О[твет]. – С удовольствием. Мы помогаем чехам просто тем, что находимся здесь.
В[опрос]. – Тогда почему же чехи продолжают настаивать, чтобы мы сражались вместе с ними, и выражают все больше и больше неудовольствия, что мы им не помогаем?
О[твет]. – Это происходит просто-напросто потому, что чехи не понимают нашей политики.
В[опрос]. – Но разве наша политика не состоит в том, чтобы помогать чехам?
О[твет]. – Нет, наша политика совсем не в этом, а в невмешательстве в русские дела.
В[опрос]. – Значит, мы здесь не для того, чтобы помогать чехам, а для невмешательства в русские дела?
О[твет]. – Не совсем так…
В[опрос]. – Тогда почему мы не уезжаем домой?
О[твет]. – Потому что правительство не хочет, чтобы мы ехали домой.
В[опрос]. – Но почему же правительство не хочет, чтобы мы вернулись?
О[твет]. – Очень просто – потому что правительство хочет, чтобы мы оставались здесь и помогали бы чехам!»
Но если бы все ограничивалось дипломатическим туманом и его юмористическими истолкованиями, это было бы еще полбеды. На самом же деле американские политики и подчинявшиеся им военные имели в своей деятельности два мощных побудительных стимула: догматичный демократизм (не зря в марте 1918 года президент Вильсон телеграфировал в Москву 4-му Чрезвычайному всероссийскому съезду Советов: «Население Соединенных штатов всей душой на стороне русского народа в его попытках навсегда освободиться от монархического правительства и стать хозяином своей судьбы») и боязнь, что Япония усилит свои позиции в Тихоокеанском регионе. Соответственно генерал Грэвс не допустил участия своего контингента в войне и впоследствии откровенно писал об этом. Что же касается японцев – американское командование, конечно, не могло бороться с ними открыто, и тем сильнее были его злоба и желание повредить тем, кто считался «японскими ставленниками», – Атаманам Семенову и Калмыкову.
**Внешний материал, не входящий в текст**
lemma nsp_star_plus_S1: "nsp_eq A (rstar (rplus X Y)) (rtimes (rstar X) (rstar (rtimes Y (rstar X))))"
  using nsp_eq_ax[OF NSP_ax.S1[OF atoms_XY]] by (simp add: reduced_XY)

lemma nsp_star_plus_S2: "nsp_eq A (rstar (rplus X Y)) (rtimes (rstar (rtimes (rstar X) Y)) (rstar X))"
  using nsp_eq_ax[OF NSP_ax.S2[OF atoms_XY]] by (simp add: reduced_XY)

lemma nsp_star_times_P:
  "nsp_eq A (rstar (rtimes X Y)) (rplus ROne (rtimes (rtimes X (rstar (rtimes Y X))) Y))"
  using nsp_eq_ax[OF NSP_ax.P[OF atoms_XY]] by (simp add: reduced_XY)

end

subsection \<open>Normalisation in the semiring fragment\<close>

text \<open>A reflection of \<open>+\<close> and \<open>\<cdot>\<close> over variables, used to discharge identities that follow from \<open>N\<close>
  alone: two terms with the same multiset of (noncommutative) monomials are provably equal.\<close>

datatype sexp = SVar nat | SZero | SOne
  | SPlus sexp sexp (infixl "\<oplus>" 65) | STimes sexp sexp (infixl "\<otimes>" 70)

fun seval :: "'a rexp list \<Rightarrow> sexp \<Rightarrow> 'a rexp" where
  "seval \<rho> (SVar i) = \<rho> ! i"
| "seval \<rho> SZero = RZero"
| "seval \<rho> SOne = ROne"
| "seval \<rho> (e \<oplus> f) = rplus (seval \<rho> e) (seval \<rho> f)"
| "seval \<rho> (e \<otimes> f) = rtimes (seval \<rho> e) (seval \<rho> f)"

fun monomials :: "sexp \<Rightarrow> nat list list" where
  "monomials (SVar i) = [[i]]"
| "monomials SZero = []"
| "monomials SOne = [[]]"
| "monomials (e \<oplus> f) = monomials e @ monomials f"
| "monomials (e \<otimes> f) = [m @ n. m \<leftarrow> monomials e, n \<leftarrow> monomials f]"

fun vars_below :: "nat \<Rightarrow> sexp \<Rightarrow> bool" where
  "vars_below k (SVar i) \<longleftrightarrow> i < k"
| "vars_below k SZero \<longleftrightarrow> True"
| "vars_below k SOne \<longleftrightarrow> True"
| "vars_below k (e \<oplus> f) \<longleftrightarrow> vars_below k e \<and> vars_below k f"
| "vars_below k (e \<otimes> f) \<longleftrightarrow> vars_below k e \<and> vars_below k f"

fun eval_monomial :: "'a rexp list \<Rightarrow> nat list \<Rightarrow> 'a rexp" where
  "eval_monomial \<rho> [] = ROne"
| "eval_monomial \<rho> (i # m) = rtimes (\<rho> ! i) (eval_monomial \<rho> m)"

fun eval_monomials :: "'a rexp list \<Rightarrow> nat list list \<Rightarrow> 'a rexp" where
  "eval_monomials \<rho> [] = RZero"
| "eval_monomials \<rho> (m # ms) = rplus (eval_monomial \<rho> m) (eval_monomials \<rho> ms)"

abbreviation env_over :: "'a set \<Rightarrow> 'a rexp list \<Rightarrow> bool" where
  "env_over A \<rho> \<equiv> \<forall>X\<in>set \<rho>. rexp_over A X"

abbreviation monomial_below :: "nat \<Rightarrow> nat list \<Rightarrow> bool" where
  "monomial_below k m \<equiv> \<forall>i\<in>set m. i < k"

abbreviation monomials_below :: "nat \<Rightarrow> nat list list \<Rightarrow> bool" where
  "monomials_below k ms \<equiv> \<forall>m\<in>set ms. monomial_below k m"

lemma monomials_below_vars: "vars_below k e \<Longrightarrow> monomials_below k (monomials e)"
  by (induction e) auto

lemma rexp_over_eval_monomial:
  "env_over A \<rho> \<Longrightarrow> monomial_below (length \<rho>) m \<Longrightarrow> rexp_over A (eval_monomial \<rho> m)"
  by (induction m) auto

lemma rexp_over_eval_monomials:
  "env_over A \<rho> \<Longrightarrow> monomials_below (length \<rho>) ms \<Longrightarrow> rexp_over A (eval_monomials \<rho> ms)"
  by (induction ms) (auto simp: rexp_over_eval_monomial)

context
  fixes A :: "'a set" and \<rho> :: "'a rexp list"
  assumes env: "env_over A \<rho>"
begin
Грэвс не колеблется утверждать: «Солдаты Семенова и Калмыкова, находясь под защитой японских войск, наводняли страну подобно диким животным, убивали и грабили народ…»; «трудно представить, чтобы в эпоху современной цивилизации мог существовать человек, подобный Калмыкову»; «Семенов учредил нечто, называвшееся “станциями смерти” (нигде в дальнейшем смысл этого словосочетания не раскрывается. – А.К.), и открыто хвастался, что не может ночью уснуть, если не убьет кого-нибудь в течение дня», – и подобные высказывания на протяжении десятилетий цитировались как объективный обвинительный акт против дальневосточных Атаманов. Однако общая степень достоверности свидетельств Грэвса (или уровень его информированности) неплохо иллюстрируется, например, телеграммой: «Весьма достоверные сообщения подтверждают указания о том, что офицеры покидают войска и бегут в тыл, штабные офицеры предупреждают в этом бегстве строевых, а солдаты бросают свое оружие и амуницию, в некоторых случаях тяжелую одежду, с тем чтобы быстрее двигаться в тыл», – отправленной им в США менее чем за месяц до победы Дитерихса в междуречьи Ишима и Тобола. У Атаманов же был к Грэвсу свой счет – не случайно тою же осенью 1919 года Калмыков отправил в Омск возмущенную телеграмму (быть может, переусердствовав в риторике и преувеличив роль бывших эмигрантов из Российской Империи, которые, согласно распространенному в Сибири мнению, оказывали слишком большое влияние на командование американского контингента):
«Освободившись от гнета совдепии, Уссурийское казачье войско, твердо стоящее на страже упрочения русской государственности, неоднократно в течение года наталкивалось на новую непонятную преграду в деле борьбы за русскую государственность – на американские кольты и штыки, предшествуемые работой так называемых американских солдат, наличие коих неоднократно обнаруживалось в рядах красных банд…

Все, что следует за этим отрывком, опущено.